▸ **Aim of the task**:
After locating the line that contains "using ineq[OF that]" in the records below, write out exactly that line and each line after it through the one that contains "proof (rule set_integral_mono)", and nothing else.
(Beginning of Provided data)
lemma gronwall_backward:
  fixes u l :: "real \<Rightarrow> real"
  assumes Tt0: "T \<le> t0"
    and l_int: "set_integrable lborel {T..t0} l" and l_nn: "\<And>s. 0 \<le> l s"
    and u_cont: "continuous_on {T..t0} u" and u_nn: "\<And>s. s \<in> {T..t0} \<Longrightarrow> 0 \<le> u s"
    and ineq: "\<And>s. s \<in> {T..t0} \<Longrightarrow> u s \<le> a + \<Lambda> * (LINT r:{s..t0}|lborel. l r * u r)"
    and a: "0 \<le> a" and \<Lambda>: "0 \<le> \<Lambda>" and N: "(LINT r:{T..t0}|lborel. l r) \<le> N"
    and s: "s \<in> {T..t0}"
  shows "u s \<le> a * exp (\<Lambda> * N)"
proof -
  define K where "K r = (LINT q:{r..t0}|lborel. l q)" for r
  define \<Phi> where "\<Phi> r = a + \<Lambda> * (LINT q:{r..t0}|lborel. l q * u q)" for r
  have lu_int: "set_integrable lborel {T..t0} (\<lambda>r. l r * u r)"
    by (rule set_integrable_mult_continuous[OF l_int u_cont])
  have \<Phi>_split: "\<Phi> r = \<Phi> r' + \<Lambda> * (LINT q:{r..r'}|lborel. l q * u q)"
    if "T \<le> r" "r \<le> r'" "r' \<le> t0" for r r'
  proof -
    have "set_integrable lborel {r..t0} (\<lambda>q. l q * u q)"
      using lu_int by (rule set_integrable_subset) (use that in auto)
    from set_integral_Icc_split[OF this, of r'] that show ?thesis by (simp add: \<Phi>_def algebra_simps)
  qed
  have I_nn: "0 \<le> (LINT q:{r..r'}|lborel. l q * u q)" if "T \<le> r" "r' \<le> t0" for r r'
    using that by (intro set_integral_nonneg_real mult_nonneg_nonneg l_nn u_nn) auto
  have \<Phi>_ge: "a \<le> \<Phi> r" if "T \<le> r" for r
    unfolding \<Phi>_def using I_nn[OF that order_refl] \<Lambda> by simp
  have \<Phi>_mono: "\<Phi> r' \<le> \<Phi> r" if "T \<le> r" "r \<le> r'" "r' \<le> t0" for r r'
    using \<Phi>_split[OF that] I_nn[of r r'] that \<Lambda> by simp
  have u_\<Phi>: "u r \<le> \<Phi> r" if "r \<in> {T..t0}" for r
    using ineq[OF that] by (simp add: \<Phi>_def)
  have key: "\<Phi> r \<le> \<Phi> r' + \<Lambda> * \<Phi> r * (K r - K r')" if r: "T \<le> r" "r \<le> r'" "r' \<le> t0" for r r'
  proof -
    have l_int': "set_integrable lborel {r..r'} l" using l_int by (rule set_integrable_subset) (use r in auto)
    have "(LINT q:{r..r'}|lborel. l q * u q) \<le> (LINT q:{r..r'}|lborel. l q * \<Phi> r)"
    proof (rule set_integral_mono)
      show "set_integrable lborel {r..r'} (\<lambda>q. l q * u q)"
        using lu_int by (rule set_integrable_subset) (use r in auto)
      show "set_integrable lborel {r..r'} (\<lambda>q. l q * \<Phi> r)" by (rule set_integrable_mult_left[OF l_int'])
      show "l q * u q \<le> l q * \<Phi> r" if "q \<in> {r..r'}" for q
        using u_\<Phi>[of q] \<Phi>_mono[of r q] that r by (intro mult_left_mono l_nn) auto
    qed
    also have "\<dots> = \<Phi> r * (K r - K r')"
    proof -
      have "set_integrable lborel {r..t0} l" using l_int by (rule set_integrable_subset) (use r in auto)
      from set_integral_Icc_split[OF this, of r'] r
      show ?thesis by (simp add: K_def set_integral_mult_left mult.commute)
    qed
    finally have "\<Lambda> * (LINT q:{r..r'}|lborel. l q * u q) \<le> \<Lambda> * (\<Phi> r * (K r - K r'))"
      using \<Lambda> by (rule mult_left_mono)
    then show ?thesis using \<Phi>_split[OF r] by (simp add: algebra_simps)
  qed
  have K_cont: "continuous_on {T..t0} K" unfolding K_def by (rule continuous_on_set_integral_Icc_lower[OF l_int])
  have K_t0: "K t0 = 0" by (simp add: K_def)
  have \<Phi>_t0: "\<Phi> t0 = a" by (simp add: \<Phi>_def)
  have Ks: "K s \<le> N" using set_integral_Icc_tail_le[OF l_int l_nn s] N by (simp add: K_def)
  have N0: "0 \<le> N" using N set_integral_nonneg_real[of "{T..t0}" l] l_nn by fastforce
  obtain n0 :: nat where n0: "\<Lambda> * N \<le> real n0" using real_arch_simple by blast
  have "u s * (1 + (- (\<Lambda> * N)) / real n) ^ n \<le> a" if n: "n \<ge> Suc n0" for n
  proof -
    define \<eta> where "\<eta> = N / real n"
    have \<eta>: "0 \<le> \<eta>" "\<Lambda> * \<eta> \<le> 1" using N0 n n0 by (auto simp: \<eta>_def divide_le_eq)
    have "K s \<le> real n * \<eta>" using Ks n by (simp add: \<eta>_def)
    then have "\<Phi> s * (1 - \<Lambda> * \<eta>) ^ n \<le> a"
      using gronwall_iteration[OF key \<Phi>_ge \<Phi>_t0 a K_cont K_t0 \<Lambda> \<eta>] s by auto
    moreover have "u s * (1 - \<Lambda> * \<eta>) ^ n \<le> \<Phi> s * (1 - \<Lambda> * \<eta>) ^ n"
      using u_\<Phi>[OF s] \<eta> by (intro mult_right_mono zero_le_power) auto
    ultimately show ?thesis by (simp add: \<eta>_def)
  qed
  moreover have "(\<lambda>n. u s * (1 + (- (\<Lambda> * N)) / real n) ^ n) \<longlonglongrightarrow> u s * exp (- (\<Lambda> * N))"
    by (intro tendsto_mult tendsto_const tendsto_exp_limit_sequentially)
  ultimately have "u s * exp (- (\<Lambda> * N)) \<le> a"
    by (intro LIMSEQ_le_const2) blast+
  then have "u s * exp (- (\<Lambda> * N)) * exp (\<Lambda> * N) \<le> a * exp (\<Lambda> * N)"
    by (intro mult_right_mono) auto
  then show ?thesis by (simp add: exp_minus field_simps)
qed

lemma is_sol_mem: "is_sol dd b h t0 x0 tau X \<Longrightarrow> t \<in> {tau..t0} \<Longrightarrow> X t \<in> Gbar dd"
  unfolding is_sol_def by blast

lemma is_sol_integrable:
  "is_sol dd b h t0 x0 tau X \<Longrightarrow> t \<in> {tau..t0} \<Longrightarrow> set_integrable lborel {t..t0} (\<lambda>s. b s (X s) (h s (X s)))"
  unfolding is_sol_def by blast

lemma is_sol_eq:
  "is_sol dd b h t0 x0 tau X \<Longrightarrow> t \<in> {tau..t0} \<Longrightarrow> X t = x0 - (LINT s:{t..t0}|lborel. b s (X s) (h s (X s)))"
  unfolding is_sol_def by blast

lemma is_sol_at_end: "is_sol dd b h t0 x0 tau X \<Longrightarrow> tau \<le> t0 \<Longrightarrow> X t0 = x0"
  using is_sol_eq[of dd b h t0 x0 tau X t0] by simp

lemma is_sol_increment:
  assumes sol: "is_sol dd b h t0 x0 tau X" and s: "tau \<le> s" "s \<le> s'" "s' \<le> t0"
  shows "X s = X s' - (LINT r:{s..s'}|lborel. b r (X r) (h r (X r)))"
    and "set_integrable lborel {s..s'} (\<lambda>r. b r (X r) (h r (X r)))"
proof -
  have i: "set_integrable lborel {s..t0} (\<lambda>r. b r (X r) (h r (X r)))"
    by (rule is_sol_integrable[OF sol]) (use s in auto)
  show "set_integrable lborel {s..s'} (\<lambda>r. b r (X r) (h r (X r)))"
    using i by (rule set_integrable_subset) (use s in auto)
  have e1: "X s = x0 - ((LINT r:{s..s'}|lborel. b r (X r) (h r (X r))) + (LINT r:{s'..t0}|lborel. b r (X r) (h r (X r))))"
    using is_sol_eq[OF sol, of s] set_integral_Icc_split[OF i s(2,3)] s by auto
  have e2: "X s' = x0 - (LINT r:{s'..t0}|lborel. b r (X r) (h r (X r)))"
    using is_sol_eq[OF sol, of s'] s by auto
  show "X s = X s' - (LINT r:{s..s'}|lborel. b r (X r) (h r (X r)))"
    unfolding e1 e2 by (simp add: algebra_simps)
qed

lemma continuous_on_is_sol:
  assumes "is_sol dd b h t0 x0 tau X" "tau \<le> t0"
  shows "continuous_on {tau..t0} X"
proof -
  have int: "set_integrable lborel {tau..t0} (\<lambda>s. b s (X s) (h s (X s)))"
    using assms unfolding is_sol_def by auto
  have "continuous_on {tau..t0} (\<lambda>t. x0 - (LINT s:{t..t0}|lborel. b s (X s) (h s (X s))))"
    by (intro continuous_intros continuous_on_set_integral_Icc_lower[OF int])
  moreover have "continuous_on {tau..t0} X \<longleftrightarrow>
      continuous_on {tau..t0} (\<lambda>t. x0 - (LINT s:{t..t0}|lborel. b s (X s) (h s (X s))))"
    using assms(1) unfolding is_sol_def by (intro continuous_on_cong) auto
  ultimately show ?thesis by simp
qed

lemma is_sol_nth_increase:
  assumes sol: "is_sol dd b h t0 x0 tau X"
    and neg: "AE t in lborel. t \<in> {0<..<t1} \<longrightarrow> (\<forall>x\<in>Gbar dd. \<forall>y. b t x y $ dd \<le> - B)"
    and s: "0 \<le> tau" "tau \<le> s" "s \<le> s'" "s' \<le> t0" and t0: "t0 < t1"
  shows "X s' $ dd + B * (s' - s) \<le> X s $ dd"
proof -
  note incr = is_sol_increment[OF sol s(2,3,4)]
  have "(LINT r:{s..s'}|lborel. b r (X r) (h r (X r)) $ dd) \<le> (LINT r:{s..s'}|lborel. - B)"
  proof (rule set_integral_mono_AE)
    show "set_integrable lborel {s..s'} (\<lambda>r. b r (X r) (h r (X r)) $ dd)"
      by (rule set_integral_vec_nth(2)[OF incr(2)])
    show "AE r\<in>{s..s'} in lborel. b r (X r) (h r (X r)) $ dd \<le> - B"
      using neg AE_lborel_singleton[of 0]
      by eventually_elim (use s t0 is_sol_mem[OF sol] in auto)
  qed (rule set_integrable_Icc_const)
  also have "\<dots> = - B * (s' - s)" using s by (simp add: set_integral_Icc_const)
  finally show ?thesis
    using incr(1) set_integral_vec_nth(1)[OF incr(2), of dd] by simp
qed

lemma is_sol_speed:
  assumes sol: "is_sol dd b h t0 x0 tau X"
    and bnd: "AE t in lborel. t \<in> {0<..<t1} \<longrightarrow> (\<forall>x\<in>Gbar dd. norm (b t x (h t x)) \<le> V)"
    and s: "0 \<le> tau" "tau \<le> s" "s \<le> s'" "s' \<le> t0" and t0: "t0 < t1"
  shows "norm (X s - X s') \<le> V * (s' - s)"
proof -
  note incr = is_sol_increment[OF sol s(2,3,4)]
  have "norm (X s - X s') = norm (LINT r:{s..s'}|lborel. b r (X r) (h r (X r)))" using incr(1) by simp
  also have "\<dots> \<le> (LINT r:{s..s'}|lborel. V)"
  proof (rule norm_set_integral_le_AE[OF incr(2) set_integrable_Icc_const])
    show "AE r\<in>{s..s'} in lborel. norm (b r (X r) (h r (X r))) \<le> V"
      using bnd AE_lborel_singleton[of 0]
      by eventually_elim (use s t0 is_sol_mem[OF sol] in auto)
  qed
  also have "\<dots> = V * (s' - s)" using s by (simp add: set_integral_Icc_const mult.commute)
  finally show ?thesis .
qed

lemma AE_drift_norm_le_Linf_h:
  fixes b :: "real \<Rightarrow> real^'d::finite \<Rightarrow> real^'p::finite \<Rightarrow> real^'d"
  assumes hW: "LinfW1inf t1 dd h" and fin: "Linf_h t1 dd h h b < \<infinity>"
  shows "AE t in lborel. t \<in> {0<..<t1} \<longrightarrow> (\<forall>x\<in>Gbar dd. norm (b t x (h t x)) \<le> enn2real (Linf_h t1 dd h h b))"
proof -
  interpret H: LinfW1inf_coeff t1 dd h by unfold_locales (rule hW)
  have R: "Rad t1 dd h h = enn2real (Linf_S t1 dd h)" by (simp add: Rad_def)
  have "AE t in lborel. t \<in> {0<..<t1} \<longrightarrow> supn (Dom dd (Rad t1 dd h h)) (bxy b t) \<le> Linf_h t1 dd h h b"
    unfolding Linf_h_def by (rule AE_le_ess_sup_t)
  with H.AE_norm_le_Linf_S_Gbar show ?thesis
  proof eventually_elim
    case (elim t)
    show ?case
    proof (intro impI ballI)
      fix x assume t: "t \<in> {0<..<t1}" and x: "x \<in> Gbar dd"
      have "(x, h t x) \<in> Dom dd (Rad t1 dd h h)" using elim t x unfolding R
        by (auto simp: Dom_def intro: in_cube_if_norm_le)
      then have "ennreal (norm (bxy b t (x, h t x))) \<le> supn (Dom dd (Rad t1 dd h h)) (bxy b t)"
        by (rule norm_le_supn)
      also have "\<dots> \<le> Linf_h t1 dd h h b" using elim t by auto
      finally show "norm (b t x (h t x)) \<le> enn2real (Linf_h t1 dd h h b)"
        using fin by (intro le_enn2real_if_ennreal_le) (auto simp: bxy_def)
    qed
  qed
qed

lemma is_sol_extend:
  assumes sol: "is_sol dd b h t0 x0 \<tau> X" and "a \<le> \<tau>" "\<tau> \<le> t0"
    and Y_mem: "\<And>t. t \<in> {a..\<tau>} \<Longrightarrow> Y t \<in> Gbar dd"
    and Y_int: "\<And>t. t \<in> {a..\<tau>} \<Longrightarrow> set_integrable lborel {t..\<tau>} (\<lambda>s. b s (Y s) (h s (Y s)))"
    and Y_eq: "\<And>t. t \<in> {a..\<tau>} \<Longrightarrow> Y t = X \<tau> - (LINT s:{t..\<tau>}|lborel. b s (Y s) (h s (Y s)))"
  shows "is_sol dd b h t0 x0 a (\<lambda>t. if t < \<tau> then Y t else X t)"
proof -
  define W where "W t = (if t < \<tau> then Y t else X t)" for t
  have WY: "W t = Y t" if "t \<in> {a..\<tau>}" for t
    using that Y_eq[of \<tau>] \<open>a \<le> \<tau>\<close> by (auto simp: W_def)
  have WX: "W t = X t" if "\<tau> \<le> t" for t using that by (simp add: W_def)
  have int_X: "set_integrable lborel {q..t0} (\<lambda>s. b s (W s) (h s (W s)))"
    if "\<tau> \<le> q" "q \<le> t0" for q
    using is_sol_integrable[OF sol, of q] that
      set_integrable_cong[of lborel lborel "{q..t0}" "{q..t0}" "\<lambda>s. b s (W s) (h s (W s))"]
    by (auto simp: WX)
  have eq_X: "(LINT s:{q..t0}|lborel. b s (W s) (h s (W s))) = (LINT s:{q..t0}|lborel. b s (X s) (h s (X s)))"
    if "\<tau> \<le> q" for q
    by (rule set_lebesgue_integral_cong) (use that in \<open>auto simp: WX\<close>)
  have int_Y: "set_integrable lborel {q..\<tau>} (\<lambda>s. b s (W s) (h s (W s)))" if "q \<in> {a..\<tau>}" for q
    using Y_int[OF that] that
      set_integrable_cong[of lborel lborel "{q..\<tau>}" "{q..\<tau>}" "\<lambda>s. b s (W s) (h s (W s))"]
    by (auto simp: WY)
  have eq_Y: "(LINT s:{q..\<tau>}|lborel. b s (W s) (h s (W s))) = (LINT s:{q..\<tau>}|lborel. b s (Y s) (h s (Y s)))"
    if "q \<in> {a..\<tau>}" for q
    by (rule set_lebesgue_integral_cong) (use that in \<open>auto simp: WY\<close>)
  have "W t \<in> Gbar dd \<and> set_integrable lborel {t..t0} (\<lambda>s. b s (W s) (h s (W s))) \<and>
      W t = x0 - (LINT s:{t..t0}|lborel. b s (W s) (h s (W s)))" if t: "t \<in> {a..t0}" for t
  proof (cases "\<tau> \<le> t")
    case True
    then show ?thesis using is_sol_mem[OF sol] is_sol_eq[OF sol] int_X eq_X t by (simp add: WX)
  next
    case False
    have int: "set_integrable lborel {t..t0} (\<lambda>s. b s (W s) (h s (W s)))"
    proof -
      have "{t..t0} = {t..\<tau>} \<union> {\<tau>..t0}" using False \<open>\<tau> \<le> t0\<close> by auto
      then show ?thesis using int_Y[of t] int_X[of \<tau>] False t \<open>\<tau> \<le> t0\<close> by (auto intro: set_integrable_Un)
    qed
    have "W t = X \<tau> - (LINT s:{t..\<tau>}|lborel. b s (W s) (h s (W s)))"
      using WY[of t] Y_eq[of t] eq_Y[of t] False t by auto
    also have "X \<tau> = x0 - (LINT s:{\<tau>..t0}|lborel. b s (W s) (h s (W s)))"
      using is_sol_eq[OF sol, of \<tau>] eq_X[of \<tau>] \<open>a \<le> \<tau>\<close> \<open>\<tau> \<le> t0\<close> by auto
    finally have "W t = x0 - (LINT s:{t..t0}|lborel. b s (W s) (h s (W s)))"
      using set_integral_Icc_split[OF int, of \<tau>] False \<open>\<tau> \<le> t0\<close> by (simp add: algebra_simps)
    then show ?thesis using int WY[of t] Y_mem[of t] False t by auto
  qed
  then show ?thesis unfolding is_sol_def W_def by blast
qed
(End of Provided data)
▸ **Task response**:
    using ineq[OF that] by (simp add: \<Phi>_def)
  have key: "\<Phi> r \<le> \<Phi> r' + \<Lambda> * \<Phi> r * (K r - K r')" if r: "T \<le> r" "r \<le> r'" "r' \<le> t0" for r r'
  proof -
    have l_int': "set_integrable lborel {r..r'} l" using l_int by (rule set_integrable_subset) (use r in auto)
    have "(LINT q:{r..r'}|lborel. l q * u q) \<le> (LINT q:{r..r'}|lborel. l q * \<Phi> r)"
    proof (rule set_integral_mono)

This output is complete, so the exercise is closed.